··· Records supplied

lemma raised_cos_ge_if_normT_le:
  assumes "normT x \<le> a" "a \<le> 1/2"
  shows "raised_cos a \<le> raised_cos x"
  using assms normT_nonneg[of x] normT_le_iff_cos_ge[of a x] by (simp add: raised_cos_def)

lemma raised_cos_le_if_normT_ge:
  assumes "a \<le> normT x" "0 \<le> a" "a \<le> 1/2"
  shows "raised_cos x \<le> raised_cos a"
  using assms normT_ge_iff_cos_le[of a x] by (simp add: raised_cos_def)

lemma bohr_mono: "\<delta> \<le> \<epsilon> \<Longrightarrow> bohr t \<alpha> \<delta> \<subseteq> bohr t \<alpha> \<epsilon>"
  by (auto simp: bohr_def)

lemma bohr_kernel_nonneg: "0 \<le> bohr_kernel t \<alpha> m n"
  by (simp add: bohr_kernel_def raised_cos_nonneg prod_nonneg)

lemma bohr_kernel_ge_on_bohr:
  assumes "n \<in> bohr t \<alpha> \<delta>" "\<delta> \<le> 1/2"
  shows "raised_cos \<delta> ^ (m * t) \<le> bohr_kernel t \<alpha> m n"
proof -
  have "raised_cos \<delta> ^ (m * t) = (\<Prod>i<t. raised_cos \<delta> ^ m)"
    by (simp add: power_mult)
  also have "\<dots> \<le> bohr_kernel t \<alpha> m n"
    unfolding bohr_kernel_def using assms
    by (intro prod_mono conjI power_mono raised_cos_ge_if_normT_le)
       (auto simp: bohr_def raised_cos_nonneg)
  finally show ?thesis .
qed

lemma bohr_kernel_le_off_bohr:
  assumes "1 \<le> n" "n \<notin> bohr t \<alpha> \<epsilon>" "0 \<le> e" "e \<le> \<epsilon>" "e \<le> 1/2"
  shows "bohr_kernel t \<alpha> m n \<le> raised_cos e ^ m"
proof -
  obtain j where "j < t" "\<epsilon> < normT (real n * \<alpha> j)"
    using assms(1,2) by (auto simp: bohr_def not_le)
  have "bohr_kernel t \<alpha> m n = raised_cos (real n * \<alpha> j) ^ m * (\<Prod>i\<in>{..<t} - {j}. raised_cos (real n * \<alpha> i) ^ m)"
    unfolding bohr_kernel_def using \<open>j < t\<close> by (intro prod.remove) auto
  also have "\<dots> \<le> raised_cos (real n * \<alpha> j) ^ m"
    by (intro mult_left_le prod_le_1 conjI) (auto simp: raised_cos_nonneg raised_cos_le_1 power_le_one)
  also have "\<dots> \<le> raised_cos e ^ m"
    using \<open>\<epsilon> < normT (real n * \<alpha> j)\<close> assms(3-5)
    by (intro power_mono raised_cos_le_if_normT_ge) (auto simp: raised_cos_nonneg)
  finally show ?thesis .
qed
(* In any block graph $G$ there exists a vertex $w$ with $\Gamma(w)=\Gamma(G)$, and if $\Gamma(G)>\omega(G)$ then every vertex $w$ with $\Gamma(w)=\Gamma(G)$ is a cut-vertex of $G$.
   Context: A Grundy-coloring of a graph $G$ is a proper vertex coloring with nonempty color classes $C_1,\ldots,C_k$ (color $i$ on $C_i$) such that for all $i<j$ every vertex of $C_j$ has a neighbor in $C_i$. $\Gamma(G)$ is the maximum number of colors in a Grundy-coloring of $G$, and for a vertex $v$, $\Gamma(v)$ is the maximum color that $v$ receives in some Grundy-coloring of $G$. $\omega(G)$ is the size of a largest clique. A block of a graph is a maximal 2-connected subgraph or a bridge (as a $K_2$); a block graph is a graph all of whose blocks are complete graphs. A cut-vertex is a vertex whose removal increases the number of connected components. *)

theory Defs
  imports Main
begin

definition graph :: "'a set \<Rightarrow> ('a \<Rightarrow> 'a \<Rightarrow> bool) \<Rightarrow> bool" where
  "graph V E \<longleftrightarrow> finite V \<and> (\<forall>x y. E x y \<longrightarrow> x \<in> V \<and> y \<in> V)
     \<and> (\<forall>x y. E x y \<longrightarrow> E y x) \<and> (\<forall>x. \<not> E x x)"

definition reach :: "'a set \<Rightarrow> ('a \<Rightarrow> 'a \<Rightarrow> bool) \<Rightarrow> 'a \<Rightarrow> 'a \<Rightarrow> bool" where
  "reach S E x y \<longleftrightarrow> x \<in> S \<and> (\<lambda>a b. a \<in> S \<and> b \<in> S \<and> E a b)\<^sup>*\<^sup>* x y"

definition components :: "'a set \<Rightarrow> ('a \<Rightarrow> 'a \<Rightarrow> bool) \<Rightarrow> 'a set set" where
  "components S E = (\<lambda>x. {y \<in> S. reach S E x y}) ` S"

definition num_components :: "'a set \<Rightarrow> ('a \<Rightarrow> 'a \<Rightarrow> bool) \<Rightarrow> nat" where
  "num_components S E = card (components S E)"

······

● Description of the task:
A bare number is required: the count of lines above with the string "longleftrightarrow".

● Completed task:
2